Taking the Refuges & Precepts is the most fundamental Buddhist ceremony, and is frequently offered at meditation retreats.

Bikkhu Bodhi: Going for Refuge & Taking the Precepts

The Three Refuges are a public statement of confidence in the historical Buddha as a regular human who came to a profound and useful understanding of how the human mind works; the Dhamma, or teachings he gave based on that understanding; and the Sangha, the community of like-minded practitioners. It’s helpful for meditators to relate to these vows as more descriptive of how one feels and where they are currently at in their practice, rather than something proscriptive that someone else is imposing upon them.

How important these vows are in the context of your practice, the specific technicals details of what they mean, and the consequences of breaking them are entirely up to the individual. You can view these as a solemn public statement that you are “A Buddhist”, or you can simply consider them an unnecessary holdover from uncomfortably devotional Asian Buddhist practices, or anything in-between. The Refuges & Precepts are only as solemn as you want them to be.

The Five Precepts are voluntary ethical practices that prompt the practitioner to increase our awareness of the skillfulness of our thoughts, speech, and actions, and to reflect on their impact upon our inner wellbeing.

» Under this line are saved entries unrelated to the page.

lemma sums_shift_diff_shifted_powr:
  assumes "q > 0" "Re s + m > 0"
  shows "(\<lambda>n. (-1) ^ n * shift_diff m (shifted_powr q s) (of_nat n)) sums
           ((shift_diff m (shifted_powr q s) 0
             + (\<Sum>n. (-1) ^ n * shift_diff (Suc m) (shifted_powr q s) (of_nat n))) / 2)"
proof -
  have "summable (\<lambda>n. (-1) ^ n * shift_diff (Suc m) (shifted_powr q s) (of_nat n))"
    by (rule summable_norm_cancel, rule summable_norm_shift_diff_shifted_powr) (use assms in auto)
  then have "(\<lambda>n. (-1) ^ n * (shift_diff m (shifted_powr q s) (of_nat n)
                 - shift_diff m (shifted_powr q s) (of_nat (Suc n))))
               sums (\<Sum>n. (-1) ^ n * shift_diff (Suc m) (shifted_powr q s) (of_nat n))"
    by (simp add: summable_sums add_ac)
  from alternating_sums_by_differences[OF shift_diff_shifted_powr_tendsto_0[OF assms] this]
  show ?thesis
    by simp
qed

text \<open>The m-th Euler transform of the alternating series; it converges absolutely for
  Re s > 1 - m and does not depend on m.\<close>
definition euler_transform :: "real \<Rightarrow> nat \<Rightarrow> complex \<Rightarrow> complex" where
  "euler_transform q m s = (\<Sum>j<m. shift_diff j (shifted_powr q s) 0 / 2 ^ Suc j)
      + (\<Sum>n. (-1) ^ n * shift_diff m (shifted_powr q s) (of_nat n)) / 2 ^ m"

lemma euler_transform_Suc:
  assumes "q > 0" "Re s + m > 0"
  shows "euler_transform q (Suc m) s = euler_transform q m s"
proof -
  have "(\<Sum>n. (-1) ^ n * shift_diff m (shifted_powr q s) (of_nat n))
          = shift_diff m (shifted_powr q s) 0 / 2
            + (\<Sum>n. (-1) ^ n * shift_diff (Suc m) (shifted_powr q s) (of_nat n)) / 2"
    using sums_unique[OF sums_shift_diff_shifted_powr[OF assms]]
    by (simp add: add_divide_distrib del: shift_diff.simps)
  then show ?thesis
    unfolding euler_transform_def sum.lessThan_Suc
    by (simp add: add_divide_distrib divide_divide_eq_left del: shift_diff.simps)
qed

lemma euler_transform_mono_eq:
  assumes "q > 0" "Re s + m > 0" "m \<le> m'"
  shows "euler_transform q m' s = euler_transform q m s"
  using assms(3)
proof (induction m' rule: dec_induct)
  case (step k)
  then show ?case using euler_transform_Suc[OF assms(1), of s k] assms(2) by simp
qed simp

lemma euler_transform_eq:
  assumes "q > 0" "Re s + m > 0" "Re s + m' > 0"
  shows "euler_transform q m s = euler_transform q m' s"
proof (cases "m \<le> m'")
  case True
  from euler_transform_mono_eq[OF assms(1,2) True] show ?thesis
    by (rule sym)
next
  case False
  then show ?thesis
    using euler_transform_mono_eq[OF assms(1,3), of m] by simp
qed

lemma sums_euler_transform:
  assumes "q > 0" "Re s > 0"
  shows "(\<lambda>n. (-1) ^ n * complex_of_real (real n + q) powr (- s)) sums euler_transform q 1 s"
proof -
  have eq: "euler_transform q 1 s = (shift_diff 0 (shifted_powr q s) 0
              + (\<Sum>n. (-1) ^ n * shift_diff (Suc 0) (shifted_powr q s) (of_nat n))) / 2"
    by (simp add: euler_transform_def add_divide_distrib del: shift_diff.simps)
  have "(\<lambda>n. (-1) ^ n * shift_diff 0 (shifted_powr q s) (of_nat n)) sums euler_transform q 1 s"
    unfolding eq using sums_shift_diff_shifted_powr[OF assms(1), of s 0] assms(2) by simp
  then show ?thesis
    by (simp add: shifted_powr_def)
qed

lemma holomorphic_shift_diff_shifted_powr: "(\<lambda>s. shift_diff j (shifted_powr q s) z) holomorphic_on A"
  by (induction j arbitrary: z) (auto simp: shifted_powr_def intro!: holomorphic_intros)

lemma norm_pochhammer_le: "norm (pochhammer (s :: complex) m) \<le> (norm s + m) ^ m"
proof (induction m)
  case (Suc m)
  have "norm (pochhammer s (Suc m)) = norm (s + of_nat m) * norm (pochhammer s m)"
    by (simp add: pochhammer_rec' norm_mult)
  also have "\<dots> \<le> (norm s + m) * (norm s + m) ^ m"
    by (intro mult_mono Suc.IH) (auto intro: order.trans[OF norm_triangle_ineq])
  also have "\<dots> \<le> (norm s + Suc m) ^ Suc m"
    by (simp, intro mult_mono power_mono) auto
  finally show ?case .
qed simp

The Precepts in particular can be uncomfortable for meditators brought up in the Abrahamic religions, where they can come across sounding like the Ten Commandments. However, the similarity is very shallow. A practitioner can adopt all, some, or none of the Precepts. In modern formulations, each Precept not only includes refraining from a particular unskillful action, but also cultivating a corresponding beneficial one.

In addition, taking the Precepts is completely voluntary, and there’s no requirement or pressure involved. They aren’t an edict imposed by some arbitrary external authority, but something one chooses for oneself because of the value and benefit one expects to receive by working with them. And there’s no one handing out punishments for failing to keep the Precepts.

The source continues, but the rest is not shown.